元日本代表監督のフィリップ・トルシエ氏率いる中国の深センが、同クラブ所属のFW巻誠一郎選手との契約を解除する方針であることがわかった。中国のスポーツメディア新浪体育によると、巻選手はケガの状態が思いのほか悪く、契約解除は苦渋の決断だという。

現在、深センは主力選手の多くがケガで離脱しており、中国スーパーリーグ初参戦の若い選手を中心に試合に臨まなければならない厳しい状態が続いている。巻選手はMF楽山孝志選手とともに“助っ人”外国人選手として今シーズンから深センに加入したものの、古傷の足首の状態が悪く、出場は9試合中4試合のみ。チームへの献身的なプレーが評価される一方、FWとして求められる得点は1点も挙げておらず、一部サポーターからは批判の声も上がるようになっていた。

今回、深センが巻選手との契約解除へ踏み切ろうとしている背景には、中国スーパーリーグの移籍期間がオープンする事情がある。中国スーパーリーグでは、試合の勝敗を決めるのは60〜80%が“助っ人”外国人選手の活躍次第と言われており、それだけ外国人選手への期待が大きい。深センとしては、これまでゴールを挙げていない巻選手を放出し、移籍期間中に他の外国人選手を獲得しようという目論見があるわけだ。

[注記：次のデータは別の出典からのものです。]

text \<open>The fibres over the distinct rearrangements of v all have the size of the stabiliser,
and there are \<open>n! / \<Prod> count!\<close> of them.\<close>

lemma card_permute_list_stabiliser:
  "card {\<sigma>. \<sigma> permutes {..<length v} \<and> permute_list \<sigma> v = v}
     = (\<Prod>x\<in>set_mset (mset v). fact (count (mset v) x))"
proof -
  let ?N = "{..<length v}"
  let ?F = "\<lambda>y. {\<sigma>. \<sigma> permutes ?N \<and> permute_list \<sigma> v = y}"
  let ?PM = "permutations_of_multiset (mset v)"
  have U: "{\<sigma>. \<sigma> permutes ?N} = (\<Union>y\<in>?PM. ?F y)"
    by (auto simp: permutations_of_multisetI)
  have "fact (length v) = card {\<sigma>. \<sigma> permutes ?N}"
    by (simp add: card_permutations)
  also have "\<dots> = (\<Sum>y\<in>?PM. card (?F y))"
    unfolding U by (rule card_UN_disjoint) (auto simp: finite_permutations_of_multiset
          intro: finite_subset[OF _ finite_permutations[of ?N]])
  also have "\<dots> = (\<Sum>y\<in>?PM. card (?F v))"
  proof (rule sum.cong[OF refl])
    fix y assume "y \<in> ?PM"
    then have "mset y = mset v" by (simp add: permutations_of_multisetD)
    then obtain \<sigma>\<^sub>0 where "\<sigma>\<^sub>0 permutes ?N" "permute_list \<sigma>\<^sub>0 v = y"
      by (metis mset_eq_permutation)
    then show "card (?F y) = card (?F v)" by (rule card_permute_list_fibre_eq)
  qed
  finally have fact_eq: "fact (length v) = card ?PM * card (?F v)" by simp
  have "card ?PM * (\<Prod>x\<in>set_mset (mset v). fact (count (mset v) x)) = fact (length v)"
    using card_permutations_of_multiset_aux[of "mset v"] by simp
  moreover have "card ?PM > 0"
    using finite_permutations_of_multiset[of "mset v"] permutations_of_multisetI[of v "mset v"]
    by (auto simp: card_gt_0_iff)
  ultimately show ?thesis using fact_eq by (metis mult_left_cancel not_gr0)
qed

とは言え、新浪体育は「(巻選手は)出場した4試合では不屈の精神を見せてくれた」と論評。トルシエ監督も「(巻選手との契約解除については)とても残念」とコメントを発表するなど、巻選手のパフォーマンス自体は評価されていた。それだけに、ケガで退団という形になるのは無念の結果だろう。

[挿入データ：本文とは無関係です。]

(* Let $n\in\mathbb N$ with $n\ge 15$. Then $$\mathrm{ex}(2n-9;T_n^3)=n^2-10n+24+\max\Big\{\Big\lfloor\frac n2\Big\rfloor,13\Big\}.$$
   Context: All graphs are finite simple graphs. For a graph $L$, $\mathrm{ex}(p;L)$ denotes the maximum number of edges in a graph on $p$ vertices that contains no subgraph isomorphic to $L$. For $n\ge 6$, $T_n^3$ is the tree on vertex set $\{v_0,\ldots,v_{n-1}\}$ with edge set $\{v_0v_1,v_0v_2,\ldots,v_0v_{n-4},\ v_1v_{n-3},\ v_1v_{n-2},\ v_1v_{n-1}\}$. $\lfloor x\rfloor$ is the greatest integer not exceeding $x$. *)

theory Defs
  imports Main
begin

definition simple_graph_on :: "'a set \<Rightarrow> 'a set set \<Rightarrow> bool" where
  "simple_graph_on V E \<longleftrightarrow> finite V \<and>
     E \<subseteq> {e. \<exists>u v. e = {u, v} \<and> u \<noteq> v \<and> u \<in> V \<and> v \<in> V}"

definition contains_copy :: "'a set \<Rightarrow> 'a set set \<Rightarrow> 'b set \<Rightarrow> 'b set set \<Rightarrow> bool" where
  "contains_copy VG EG VL EL \<longleftrightarrow>
     (\<exists>f. inj_on f VL \<and> f ` VL \<subseteq> VG \<and> (\<forall>e\<in>EL. f ` e \<in> EG))"

definition ex :: "nat \<Rightarrow> 'b set \<Rightarrow> 'b set set \<Rightarrow> nat" where
  "ex p VL EL = Max {card E | E. simple_graph_on {0..<p} E \<and>
                    \<not> contains_copy {0..<p} E VL EL}"

definition T3_vertices :: "nat \<Rightarrow> nat set" where
  "T3_vertices n = {0..<n}"

definition T3_edges :: "nat \<Rightarrow> nat set set" where
  "T3_edges n = {{0, i} | i. 1 \<le> i \<and> i \<le> n - 4} \<union>
                {{1, n - 3}, {1, n - 2}, {1, n - 1}}"

end

theory Submission
  imports Defs
begin

text \<open>
  Write \<open>n = k + 5\<close>, so that the host graphs have \<open>2k + 1\<close> vertices and \<open>k \<ge> 10\<close>.
  A graph contains \<open>T\<^sub>n\<^sup>3\<close> iff it has an edge \<open>xw\<close> with \<open>d(x) \<ge> k + 1\<close>, \<open>d(w) \<ge> 4\<close> and
  \<open>|N(x) \<union> N(w)| \<ge> k + 5\<close>; \<open>x\<close> and \<open>w\<close> play the roles of \<open>v\<^sub>0\<close> and \<open>v\<^sub>1\<close>.

  For the upper bound fix a vertex \<open>u\<close> of maximum degree and split the remaining vertices
  into \<open>A = N(u)\<close> and \<open>R\<close>. Applied to the edges \<open>uw\<close>, the forbidden configuration says
  that a vertex \<open>w \<in> A\<close> of degree at least 4 has at most \<open>k + 3 - |A|\<close> neighbours in \<open>R\<close>;
  counting the edges between \<open>A\<close> and \<open>R\<close> from both sides then bounds the degree sum by
  \<open>2k\<^sup>2 + max (k + 3) 24\<close>, by a case analysis on \<open>|A|\<close>. Only \<open>|A| = k + 1\<close> is delicate: it
  is settled by looking at the vertices of \<open>R\<close> adjacent to a vertex of degree \<open>k + 1\<close>, and at
  the vertices of \<open>A\<close> whose degree falls short.

  The bound \<open>k\<^sup>2 + max \<lfloor>(k + 3)/2\<rfloor> 12\<close> is attained by \<open>K\<^bsub>k+4\<^esub> \<union> K\<^bsub>k-3\<^esub>\<close> and by a graph of
  maximum degree \<open>k + 1\<close> in which the vertices of degree \<open>k + 1\<close> see only a clique of size
  \<open>k + 2\<close>, and every other vertex of that clique has at most two neighbours outside it.
\<close>

lemma sum_card_Collect_swap:
  assumes "finite A" "finite B"
  shows "(\<Sum>a\<in>A. card {b\<in>B. P a b}) = (\<Sum>b\<in>B. card {a\<in>A. P a b})"
proof -
  have "(\<Sum>a\<in>A. card {b\<in>B. P a b}) = (\<Sum>a\<in>A. \<Sum>b\<in>B. if P a b then 1 else 0)"
    using assms by (simp add: sum.If_cases Int_def)
  also have "\<dots> = (\<Sum>b\<in>B. \<Sum>a\<in>A. if P a b then 1 else 0)" by (rule sum.swap)
  also have "\<dots> = (\<Sum>b\<in>B. card {a\<in>A. P a b})"
    using assms by (simp add: sum.If_cases Int_def)
  finally show ?thesis .
qed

なお、巻選手が欠場した6月12日の中国スーパーリーグ第10節では、深センはホームで青島と対戦し、楽山選手が記念すべき同リーグ初得点を挙げた。チームも1-1で引き分け、順位を14位に上げている。新浪体育によると、楽山選手のゴールは中国スーパーリーグで日本人選手が決めた初ゴールとのこと。チームメイトである巻選手がチームを去るのはほぼ決定的だが、楽山選手には今回の得点を自信に、引き続きチームに貢献する活躍に期待したいところだ。